lemma fenchel_conj_proper:
  fixes g :: "'a::euclidean_space \<Rightarrow> real"
  assumes "continuous_on UNIV g" "convex_on UNIV g"
  shows "\<exists>v. fenchel_conj g v \<noteq> \<infinity>"
proof -
  obtain v c where "\<And>x. inner v x - g x \<le> c"
    using convex_continuous_affine_minorant[OF assms] by blast
  then have "fenchel_conj g v \<le> ereal c"
    unfolding fenchel_conj_def by (intro SUP_least) simp
  then have "fenchel_conj g v \<noteq> \<infinity>" by auto
  then show ?thesis ..
qed

lemma GDERIV_inner_right: "GDERIV (\<lambda>u. inner u z) v :> z"
  unfolding gderiv_def by (auto intro!: derivative_eq_intros)

lemma dual_step_subgradient:
  fixes g :: "'a::euclidean_space \<Rightarrow> real"
  assumes "continuous_on UNIV g" "convex_on UNIV g"
    and min: "w' \<in> argmin_set (\<lambda>u. fenchel_conj g u - ereal (inner u z)
                                     + ereal (\<tau> / 2 * (norm (u - w))\<^sup>2))"
  shows "z \<in> (\<lambda>a. a + \<tau> *\<^sub>R (w' - w)) ` lim_subdiff (fenchel_conj g) w'"
proof -
  define q where "q u = \<tau> / 2 * (norm (u - w))\<^sup>2 - inner u z" for u
  have "fenchel_conj g u - ereal (inner u z) + ereal (\<tau> / 2 * (norm (u - w))\<^sup>2)
      = fenchel_conj g u + ereal (q u)" for u
    unfolding q_def by (cases "fenchel_conj g u") auto
  with min have min': "w' \<in> argmin_set (\<lambda>u. fenchel_conj g u + ereal (q u))" by simp
  have "GDERIV q w' :> \<tau> *\<^sub>R (w' - w) - z"
    unfolding q_def[abs_def]
    using GDERIV_diff[OF GDERIV_scaled_dist_sq[of "\<tau> / 2" w w'] GDERIV_inner_right[of z w']]
    by simp
  then have "z - \<tau> *\<^sub>R (w' - w) \<in> lim_subdiff (fenchel_conj g) w'"
    using fermat_lim_subdiff[OF fenchel_conj_not_MInfty _ min'] fenchel_conj_proper[OF assms(1,2)]
    by force
  then show ?thesis by (rule rev_image_eqI) simp
qed

lemma prox_step_subgradient:
  fixes h :: "'a::euclidean_space \<Rightarrow> ereal"
  assumes "\<And>u. h u \<noteq> -\<infinity>" "\<exists>u. h u \<noteq> \<infinity>" and \<gamma>: "\<gamma> > 0"
    and min: "z \<in> argmin_set (\<lambda>u. h u + ereal (1 / (2 * \<gamma>) * (norm (u - p))\<^sup>2))"
  shows "(1 / \<gamma>) *\<^sub>R (p - z) \<in> lim_subdiff h z"
proof -
  have "- ((1 / \<gamma>) *\<^sub>R (z - p)) \<in> lim_subdiff h z"
    using assms(2) fermat_lim_subdiff[OF assms(1) _ min GDERIV_scaled_dist_sq] \<gamma> by auto
  then show ?thesis by (simp add: scaleR_diff_right)
qed

lemma resolvent_lipschitz:
  fixes G :: "'a::real_normed_vector \<Rightarrow> 'a"
  assumes "L-lipschitz_on UNIV G" and "\<gamma> \<ge> 0"
  shows "norm ((a + \<gamma> *\<^sub>R G a) - (b + \<gamma> *\<^sub>R G b)) \<le> (1 + \<gamma> * L) * norm (a - b)"
proof -
  have "norm ((a + \<gamma> *\<^sub>R G a) - (b + \<gamma> *\<^sub>R G b)) = norm ((a - b) + \<gamma> *\<^sub>R (G a - G b))"
    by (simp add: algebra_simps)
  also have "\<dots> \<le> norm (a - b) + \<gamma> * norm (G a - G b)"
    using norm_triangle_ineq[of "a - b" "\<gamma> *\<^sub>R (G a - G b)"] assms(2) by simp
  also have "\<dots> \<le> norm (a - b) + \<gamma> * (L * norm (a - b))"
    using lipschitz_onD[OF assms(1), of a b] assms(2)
    by (intro add_left_mono mult_left_mono) (auto simp: dist_norm)
  finally show ?thesis by (simp add: algebra_simps)
qed

lemma relaxation_increment_bound:
  fixes x y z :: "nat \<Rightarrow> 'a::real_normed_vector"
  assumes \<nu>: "\<nu> > 0" and y_step: "\<And>n. y (Suc n) = y n + \<nu> *\<^sub>R (z (Suc n) - x (Suc n))"
    and y_bound: "\<And>n. norm (y (Suc n) - y n) \<le> C * norm (x (n + 2) - x (Suc n))"
  shows "norm (z (n + 2) - z (Suc n)) \<le> C / \<nu> * norm (x (n + 3) - x (n + 2))
           + (1 + C / \<nu>) * norm (x (n + 2) - x (Suc n))"
proof -
  let ?a = "norm (x (n + 3) - x (n + 2))" and ?b = "norm (x (n + 2) - x (Suc n))"
  have z_eq: "z (Suc m) = x (Suc m) + (1 / \<nu>) *\<^sub>R (y (Suc m) - y m)" for m
    using y_step[of m] \<nu> by simp
  have "z (n + 2) - z (Suc n) = (x (n + 2) - x (Suc n))
      + (1 / \<nu>) *\<^sub>R (y (n + 2) - y (Suc n)) - (1 / \<nu>) *\<^sub>R (y (Suc n) - y n)"
    using z_eq[of n] z_eq[of "Suc n"] by (simp add: algebra_simps)
  then have "norm (z (n + 2) - z (Suc n))
      \<le> ?b + (1 / \<nu>) * norm (y (n + 2) - y (Suc n)) + (1 / \<nu>) * norm (y (Suc n) - y n)"
    using \<nu> by (smt (verit) norm_scaleR norm_triangle_ineq norm_triangle_ineq4 abs_of_pos
        divide_pos_pos zero_less_one)
  also have "\<dots> \<le> ?b + (1 / \<nu>) * (C * ?a) + (1 / \<nu>) * (C * ?b)"
    using y_bound[of n] y_bound[of "Suc n"] \<nu>
    by (intro add_mono mult_left_mono) (auto simp: numeral_3_eq_3 numeral_2_eq_2)
  also have "\<dots> = C / \<nu> * ?a + (1 + C / \<nu>) * ?b"
    by (simp add: algebra_simps)
  finally show ?thesis .
qed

> **Exercise aim**:
Reproduce all the records precisely.

> **Exercise answer**:
lemma fenchel_conj_proper:
  fixes g :: "'a::euclidean_space \<Rightarrow> real"
  assumes "continuous_on UNIV g" "convex_on UNIV g"
  shows "\<exists>v. fenchel_conj g v \<noteq> \<infinity>"
proof -
  obtain v c where "\<And>x. inner v x - g x \<le> c"
    using convex_continuous_affine_minorant[OF assms] by blast
  then have "fenchel_conj g v \<le> ereal c"
    unfolding fenchel_conj_def by (intro SUP_least) simp
  then have "fenchel_conj g v \<noteq> \<infinity>" by auto
  then show ?thesis ..
qed

lemma GDERIV_inner_right: "GDERIV (\<lambda>u. inner u z) v :> z"
  unfolding gderiv_def by (auto intro!: derivative_eq_intros)

lemma dual_step_subgradient:
  fixes g :: "'a::euclidean_space \<Rightarrow> real"
  assumes "continuous_on UNIV g" "convex_on UNIV g"
    and min: "w' \<in> argmin_set (\<lambda>u. fenchel_conj g u - ereal (inner u z)
                                     + ereal (\<tau> / 2 * (norm (u - w))\<^sup>2))"
  shows "z \<in> (\<lambda>a. a + \<tau> *\<^sub>R (w' - w)) ` lim_subdiff (fenchel_conj g) w'"
proof -
  define q where "q u = \<tau> / 2 * (norm (u - w))\<^sup>2 - inner u z" for u
  have "fenchel_conj g u - ereal (inner u z) + ereal (\<tau> / 2 * (norm (u - w))\<^sup>2)
      = fenchel_conj g u + ereal (q u)" for u
    unfolding q_def by (cases "fenchel_conj g u") auto
  with min have min': "w' \<in> argmin_set (\<lambda>u. fenchel_conj g u + ereal (q u))" by simp
  have "GDERIV q w' :> \<tau> *\<^sub>R (w' - w) - z"
    unfolding q_def[abs_def]
    using GDERIV_diff[OF GDERIV_scaled_dist_sq[of "\<tau> / 2" w w'] GDERIV_inner_right[of z w']]
    by simp
  then have "z - \<tau> *\<^sub>R (w' - w) \<in> lim_subdiff (fenchel_conj g) w'"
    using fermat_lim_subdiff[OF fenchel_conj_not_MInfty _ min'] fenchel_conj_proper[OF assms(1,2)]
    by force
  then show ?thesis by (rule rev_image_eqI) simp
qed

lemma prox_step_subgradient:
  fixes h :: "'a::euclidean_space \<Rightarrow> ereal"
  assumes "\<And>u. h u \<noteq> -\<infinity>" "\<exists>u. h u \<noteq> \<infinity>" and \<gamma>: "\<gamma> > 0"
    and min: "z \<in> argmin_set (\<lambda>u. h u + ereal (1 / (2 * \<gamma>) * (norm (u - p))\<^sup>2))"
  shows "(1 / \<gamma>) *\<^sub>R (p - z) \<in> lim_subdiff h z"
proof -
  have "- ((1 / \<gamma>) *\<^sub>R (z - p)) \<in> lim_subdiff h z"
    using assms(2) fermat_lim_subdiff[OF assms(1) _ min GDERIV_scaled_dist_sq] \<gamma> by auto
  then show ?thesis by (simp add: scaleR_diff_right)
qed

lemma resolvent_lipschitz:
  fixes G :: "'a::real_normed_vector \<Rightarrow> 'a"
  assumes "L-lipschitz_on UNIV G" and "\<gamma> \<ge> 0"
  shows "norm ((a + \<gamma> *\<^sub>R G a) - (b + \<gamma> *\<^sub>R G b)) \<le> (1 + \<gamma> * L) * norm (a - b)"
proof -
  have "norm ((a + \<gamma> *\<^sub>R G a) - (b + \<gamma> *\<^sub>R G b)) = norm ((a - b) + \<gamma> *\<^sub>R (G a - G b))"
    by (simp add: algebra_simps)
  also have "\<dots> \<le> norm (a - b) + \<gamma> * norm (G a - G b)"
    using norm_triangle_ineq[of "a - b" "\<gamma> *\<^sub>R (G a - G b)"] assms(2) by simp
  also have "\<dots> \<le> norm (a - b) + \<gamma> * (L * norm (a - b))"
    using lipschitz_onD[OF assms(1), of a b] assms(2)
    by (intro add_left_mono mult_left_mono) (auto simp: dist_norm)
  finally show ?thesis by (simp add: algebra_simps)
qed

lemma relaxation_increment_bound:
  fixes x y z :: "nat \<Rightarrow> 'a::real_normed_vector"
  assumes \<nu>: "\<nu> > 0" and y_step: "\<And>n. y (Suc n) = y n + \<nu> *\<^sub>R (z (Suc n) - x (Suc n))"
    and y_bound: "\<And>n. norm (y (Suc n) - y n) \<le> C * norm (x (n + 2) - x (Suc n))"
  shows "norm (z (n + 2) - z (Suc n)) \<le> C / \<nu> * norm (x (n + 3) - x (n + 2))
           + (1 + C / \<nu>) * norm (x (n + 2) - x (Suc n))"
proof -
  let ?a = "norm (x (n + 3) - x (n + 2))" and ?b = "norm (x (n + 2) - x (Suc n))"
  have z_eq: "z (Suc m) = x (Suc m) + (1 / \<nu>) *\<^sub>R (y (Suc m) - y m)" for m
    using y_step[of m] \<nu> by simp
  have "z (n + 2) - z (Suc n) = (x (n + 2) - x (Suc n))
      + (1 / \<nu>) *\<^sub>R (y (n + 2) - y (Suc n)) - (1 / \<nu>) *\<^sub>R (y (Suc n) - y n)"
    using z_eq[of n] z_eq[of "Suc n"] by (simp add: algebra_simps)
  then have "norm (z (n + 2) - z (Suc n))
      \<le> ?b + (1 / \<nu>) * norm (y (n + 2) - y (Suc n)) + (1 / \<nu>) * norm (y (Suc n) - y n)"
    using \<nu> by (smt (verit) norm_scaleR norm_triangle_ineq norm_triangle_ineq4 abs_of_pos
        divide_pos_pos zero_less_one)
  also have "\<dots> \<le> ?b + (1 / \<nu>) * (C * ?a) + (1 / \<nu>) * (C * ?b)"
    using y_bound[of n] y_bound[of "Suc n"] \<nu>
    by (intro add_mono mult_left_mono) (auto simp: numeral_3_eq_3 numeral_2_eq_2)
  also have "\<dots> = C / \<nu> * ?a + (1 + C / \<nu>) * ?b"
    by (simp add: algebra_simps)
  finally show ?thesis .
qed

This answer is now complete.